■ What the task requires ■
The required output is the exact run of lines below that opens at the line with "F = length w" and closes at the line with "(pat213 k) w".

Records from a collection:
[Start of section]

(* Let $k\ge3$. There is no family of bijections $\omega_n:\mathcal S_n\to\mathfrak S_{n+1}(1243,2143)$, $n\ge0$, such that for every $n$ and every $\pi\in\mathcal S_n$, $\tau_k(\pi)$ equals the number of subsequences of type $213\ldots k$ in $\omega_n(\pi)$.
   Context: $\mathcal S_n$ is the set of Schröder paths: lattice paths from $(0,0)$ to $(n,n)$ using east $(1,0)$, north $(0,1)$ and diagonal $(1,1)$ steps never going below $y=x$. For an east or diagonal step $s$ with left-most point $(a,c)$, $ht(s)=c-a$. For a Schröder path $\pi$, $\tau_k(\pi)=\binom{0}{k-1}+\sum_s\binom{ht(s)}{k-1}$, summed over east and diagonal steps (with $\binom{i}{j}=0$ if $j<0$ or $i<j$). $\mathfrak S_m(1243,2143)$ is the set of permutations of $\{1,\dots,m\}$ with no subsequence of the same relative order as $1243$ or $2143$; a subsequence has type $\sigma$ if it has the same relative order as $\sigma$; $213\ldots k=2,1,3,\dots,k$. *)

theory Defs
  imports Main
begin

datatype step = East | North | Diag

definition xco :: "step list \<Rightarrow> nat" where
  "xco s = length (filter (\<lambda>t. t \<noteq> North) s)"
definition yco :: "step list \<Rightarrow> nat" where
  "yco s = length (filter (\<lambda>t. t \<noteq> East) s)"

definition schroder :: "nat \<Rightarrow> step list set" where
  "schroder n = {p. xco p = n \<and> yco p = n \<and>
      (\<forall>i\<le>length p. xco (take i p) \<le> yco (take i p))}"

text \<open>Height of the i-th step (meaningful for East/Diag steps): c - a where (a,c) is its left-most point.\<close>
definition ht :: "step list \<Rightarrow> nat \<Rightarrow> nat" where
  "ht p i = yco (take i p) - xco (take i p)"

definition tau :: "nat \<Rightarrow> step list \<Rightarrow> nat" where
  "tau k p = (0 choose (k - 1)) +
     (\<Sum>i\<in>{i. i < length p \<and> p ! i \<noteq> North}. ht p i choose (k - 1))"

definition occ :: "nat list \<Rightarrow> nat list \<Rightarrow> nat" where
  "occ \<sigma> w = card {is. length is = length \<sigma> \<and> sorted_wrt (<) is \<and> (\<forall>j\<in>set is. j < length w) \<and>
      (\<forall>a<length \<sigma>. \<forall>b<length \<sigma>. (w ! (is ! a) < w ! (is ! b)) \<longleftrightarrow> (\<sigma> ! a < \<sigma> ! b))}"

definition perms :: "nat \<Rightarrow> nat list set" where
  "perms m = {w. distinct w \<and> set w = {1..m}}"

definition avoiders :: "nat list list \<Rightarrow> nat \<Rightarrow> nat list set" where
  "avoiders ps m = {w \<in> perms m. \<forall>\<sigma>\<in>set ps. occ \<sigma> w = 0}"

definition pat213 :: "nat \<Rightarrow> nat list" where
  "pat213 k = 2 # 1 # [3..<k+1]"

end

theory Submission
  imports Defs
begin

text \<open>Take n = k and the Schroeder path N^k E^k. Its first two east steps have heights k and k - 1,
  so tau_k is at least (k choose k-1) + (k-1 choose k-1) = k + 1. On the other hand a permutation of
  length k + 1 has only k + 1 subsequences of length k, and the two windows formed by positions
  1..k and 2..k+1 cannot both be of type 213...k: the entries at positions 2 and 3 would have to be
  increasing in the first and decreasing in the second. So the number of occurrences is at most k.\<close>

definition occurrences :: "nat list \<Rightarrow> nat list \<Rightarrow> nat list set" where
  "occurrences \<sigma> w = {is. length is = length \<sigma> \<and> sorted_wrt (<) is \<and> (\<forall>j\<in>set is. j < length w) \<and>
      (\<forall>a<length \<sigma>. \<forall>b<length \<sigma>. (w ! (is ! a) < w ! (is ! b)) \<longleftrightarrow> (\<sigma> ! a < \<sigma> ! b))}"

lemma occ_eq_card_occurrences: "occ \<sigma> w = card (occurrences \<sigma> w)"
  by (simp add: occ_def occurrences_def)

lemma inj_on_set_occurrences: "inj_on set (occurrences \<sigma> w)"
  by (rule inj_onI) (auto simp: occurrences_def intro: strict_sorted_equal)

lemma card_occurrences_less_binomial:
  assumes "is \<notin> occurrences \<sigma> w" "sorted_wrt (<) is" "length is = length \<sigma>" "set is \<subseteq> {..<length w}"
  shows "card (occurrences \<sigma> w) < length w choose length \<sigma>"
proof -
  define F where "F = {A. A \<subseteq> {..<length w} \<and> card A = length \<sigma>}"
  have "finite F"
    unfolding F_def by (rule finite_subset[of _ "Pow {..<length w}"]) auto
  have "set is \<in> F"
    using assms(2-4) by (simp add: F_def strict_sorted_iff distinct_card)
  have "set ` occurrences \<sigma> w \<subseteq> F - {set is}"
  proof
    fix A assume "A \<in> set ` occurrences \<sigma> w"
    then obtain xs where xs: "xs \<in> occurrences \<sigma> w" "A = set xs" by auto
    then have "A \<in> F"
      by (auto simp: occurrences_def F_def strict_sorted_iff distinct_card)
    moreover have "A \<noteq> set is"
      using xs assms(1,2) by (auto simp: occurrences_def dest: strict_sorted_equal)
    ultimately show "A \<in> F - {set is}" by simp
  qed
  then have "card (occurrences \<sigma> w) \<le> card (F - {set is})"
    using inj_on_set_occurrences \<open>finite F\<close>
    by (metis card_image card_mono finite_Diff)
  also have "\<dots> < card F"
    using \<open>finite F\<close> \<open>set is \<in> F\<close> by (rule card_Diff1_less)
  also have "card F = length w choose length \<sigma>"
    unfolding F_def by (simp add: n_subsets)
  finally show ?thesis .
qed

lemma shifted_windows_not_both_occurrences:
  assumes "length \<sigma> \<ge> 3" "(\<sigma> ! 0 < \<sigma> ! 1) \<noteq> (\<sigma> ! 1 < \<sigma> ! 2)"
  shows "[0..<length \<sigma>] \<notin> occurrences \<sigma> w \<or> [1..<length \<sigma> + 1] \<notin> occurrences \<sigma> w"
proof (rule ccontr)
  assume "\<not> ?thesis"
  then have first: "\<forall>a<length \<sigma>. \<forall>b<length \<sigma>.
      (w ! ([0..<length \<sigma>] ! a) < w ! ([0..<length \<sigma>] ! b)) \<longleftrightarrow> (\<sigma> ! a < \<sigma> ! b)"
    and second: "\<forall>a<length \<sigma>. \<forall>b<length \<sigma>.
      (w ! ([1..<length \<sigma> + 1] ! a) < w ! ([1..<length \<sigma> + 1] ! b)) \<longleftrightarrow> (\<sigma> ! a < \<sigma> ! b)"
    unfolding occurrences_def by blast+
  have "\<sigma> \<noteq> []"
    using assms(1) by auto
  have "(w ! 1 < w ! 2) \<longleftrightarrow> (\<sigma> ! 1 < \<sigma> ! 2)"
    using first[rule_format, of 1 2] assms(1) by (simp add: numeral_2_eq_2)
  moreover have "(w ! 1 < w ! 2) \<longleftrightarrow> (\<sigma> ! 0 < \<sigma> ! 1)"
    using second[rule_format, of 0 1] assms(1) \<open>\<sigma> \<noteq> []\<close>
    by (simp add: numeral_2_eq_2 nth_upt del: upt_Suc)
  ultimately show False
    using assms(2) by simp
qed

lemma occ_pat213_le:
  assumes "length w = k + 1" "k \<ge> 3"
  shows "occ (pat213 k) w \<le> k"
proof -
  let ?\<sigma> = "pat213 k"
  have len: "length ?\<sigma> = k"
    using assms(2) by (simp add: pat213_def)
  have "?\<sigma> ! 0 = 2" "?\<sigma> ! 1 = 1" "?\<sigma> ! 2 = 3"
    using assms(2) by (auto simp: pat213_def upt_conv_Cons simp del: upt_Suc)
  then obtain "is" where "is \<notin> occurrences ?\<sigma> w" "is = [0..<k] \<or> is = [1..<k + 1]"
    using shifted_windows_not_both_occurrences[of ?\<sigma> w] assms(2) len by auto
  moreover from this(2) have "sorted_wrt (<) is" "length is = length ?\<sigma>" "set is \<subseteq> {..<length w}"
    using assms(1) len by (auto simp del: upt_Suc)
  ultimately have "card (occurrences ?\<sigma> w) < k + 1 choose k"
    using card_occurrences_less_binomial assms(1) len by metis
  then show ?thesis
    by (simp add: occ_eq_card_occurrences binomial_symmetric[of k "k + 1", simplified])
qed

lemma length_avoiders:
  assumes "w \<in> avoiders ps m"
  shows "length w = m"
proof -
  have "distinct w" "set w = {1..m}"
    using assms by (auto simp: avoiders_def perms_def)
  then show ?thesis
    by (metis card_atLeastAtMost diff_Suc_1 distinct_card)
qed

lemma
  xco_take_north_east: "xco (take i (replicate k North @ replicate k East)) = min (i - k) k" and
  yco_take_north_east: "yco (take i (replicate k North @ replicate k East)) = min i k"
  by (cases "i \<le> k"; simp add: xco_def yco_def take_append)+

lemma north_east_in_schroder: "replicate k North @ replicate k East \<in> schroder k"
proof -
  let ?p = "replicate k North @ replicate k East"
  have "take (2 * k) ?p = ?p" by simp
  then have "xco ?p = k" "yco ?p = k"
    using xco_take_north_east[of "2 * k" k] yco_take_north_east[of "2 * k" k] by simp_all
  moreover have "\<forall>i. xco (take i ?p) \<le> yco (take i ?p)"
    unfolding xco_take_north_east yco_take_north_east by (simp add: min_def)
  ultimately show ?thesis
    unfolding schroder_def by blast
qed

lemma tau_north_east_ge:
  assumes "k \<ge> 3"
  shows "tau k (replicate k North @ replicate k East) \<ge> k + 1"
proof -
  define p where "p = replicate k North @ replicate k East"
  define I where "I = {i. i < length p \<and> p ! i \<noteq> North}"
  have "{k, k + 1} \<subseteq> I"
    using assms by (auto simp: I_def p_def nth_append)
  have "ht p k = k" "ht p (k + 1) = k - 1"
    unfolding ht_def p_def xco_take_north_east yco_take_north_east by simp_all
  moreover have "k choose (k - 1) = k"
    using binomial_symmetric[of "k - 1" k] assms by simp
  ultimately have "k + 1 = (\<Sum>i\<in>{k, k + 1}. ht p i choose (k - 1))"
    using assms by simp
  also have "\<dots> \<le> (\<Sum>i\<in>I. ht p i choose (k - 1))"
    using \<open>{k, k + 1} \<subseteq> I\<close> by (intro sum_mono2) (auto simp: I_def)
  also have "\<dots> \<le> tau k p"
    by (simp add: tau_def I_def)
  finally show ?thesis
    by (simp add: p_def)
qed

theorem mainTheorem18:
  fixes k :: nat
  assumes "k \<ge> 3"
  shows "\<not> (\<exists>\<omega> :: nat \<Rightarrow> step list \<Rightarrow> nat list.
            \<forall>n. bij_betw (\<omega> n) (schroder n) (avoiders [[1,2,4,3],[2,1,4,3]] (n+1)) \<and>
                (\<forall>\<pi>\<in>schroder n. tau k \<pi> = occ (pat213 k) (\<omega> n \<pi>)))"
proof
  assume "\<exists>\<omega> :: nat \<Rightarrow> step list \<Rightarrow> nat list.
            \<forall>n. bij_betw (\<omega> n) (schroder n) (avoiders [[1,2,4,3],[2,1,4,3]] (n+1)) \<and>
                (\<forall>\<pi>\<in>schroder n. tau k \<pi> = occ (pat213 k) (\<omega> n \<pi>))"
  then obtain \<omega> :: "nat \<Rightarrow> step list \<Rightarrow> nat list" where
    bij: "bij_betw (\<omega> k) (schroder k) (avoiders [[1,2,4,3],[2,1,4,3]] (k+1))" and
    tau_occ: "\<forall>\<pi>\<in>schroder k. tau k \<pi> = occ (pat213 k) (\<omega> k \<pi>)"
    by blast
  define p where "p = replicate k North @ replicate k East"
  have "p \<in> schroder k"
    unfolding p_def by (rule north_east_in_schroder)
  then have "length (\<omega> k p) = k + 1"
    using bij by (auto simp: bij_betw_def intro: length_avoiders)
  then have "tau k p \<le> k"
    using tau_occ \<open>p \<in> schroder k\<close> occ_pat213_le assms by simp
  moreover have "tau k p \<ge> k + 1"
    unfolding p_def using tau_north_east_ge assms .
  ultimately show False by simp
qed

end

[End of section]

■ Task answer ■
  also have "card F = length w choose length \<sigma>"
    unfolding F_def by (simp add: n_subsets)
  finally show ?thesis .
qed

lemma shifted_windows_not_both_occurrences:
  assumes "length \<sigma> \<ge> 3" "(\<sigma> ! 0 < \<sigma> ! 1) \<noteq> (\<sigma> ! 1 < \<sigma> ! 2)"
  shows "[0..<length \<sigma>] \<notin> occurrences \<sigma> w \<or> [1..<length \<sigma> + 1] \<notin> occurrences \<sigma> w"
proof (rule ccontr)
  assume "\<not> ?thesis"
  then have first: "\<forall>a<length \<sigma>. \<forall>b<length \<sigma>.
      (w ! ([0..<length \<sigma>] ! a) < w ! ([0..<length \<sigma>] ! b)) \<longleftrightarrow> (\<sigma> ! a < \<sigma> ! b)"
    and second: "\<forall>a<length \<sigma>. \<forall>b<length \<sigma>.
      (w ! ([1..<length \<sigma> + 1] ! a) < w ! ([1..<length \<sigma> + 1] ! b)) \<longleftrightarrow> (\<sigma> ! a < \<sigma> ! b)"
    unfolding occurrences_def by blast+
  have "\<sigma> \<noteq> []"
    using assms(1) by auto
  have "(w ! 1 < w ! 2) \<longleftrightarrow> (\<sigma> ! 1 < \<sigma> ! 2)"
    using first[rule_format, of 1 2] assms(1) by (simp add: numeral_2_eq_2)
  moreover have "(w ! 1 < w ! 2) \<longleftrightarrow> (\<sigma> ! 0 < \<sigma> ! 1)"
    using second[rule_format, of 0 1] assms(1) \<open>\<sigma> \<noteq> []\<close>
    by (simp add: numeral_2_eq_2 nth_upt del: upt_Suc)
  ultimately show False
    using assms(2) by simp
qed

lemma occ_pat213_le:
  assumes "length w = k + 1" "k \<ge> 3"
  shows "occ (pat213 k) w \<le> k"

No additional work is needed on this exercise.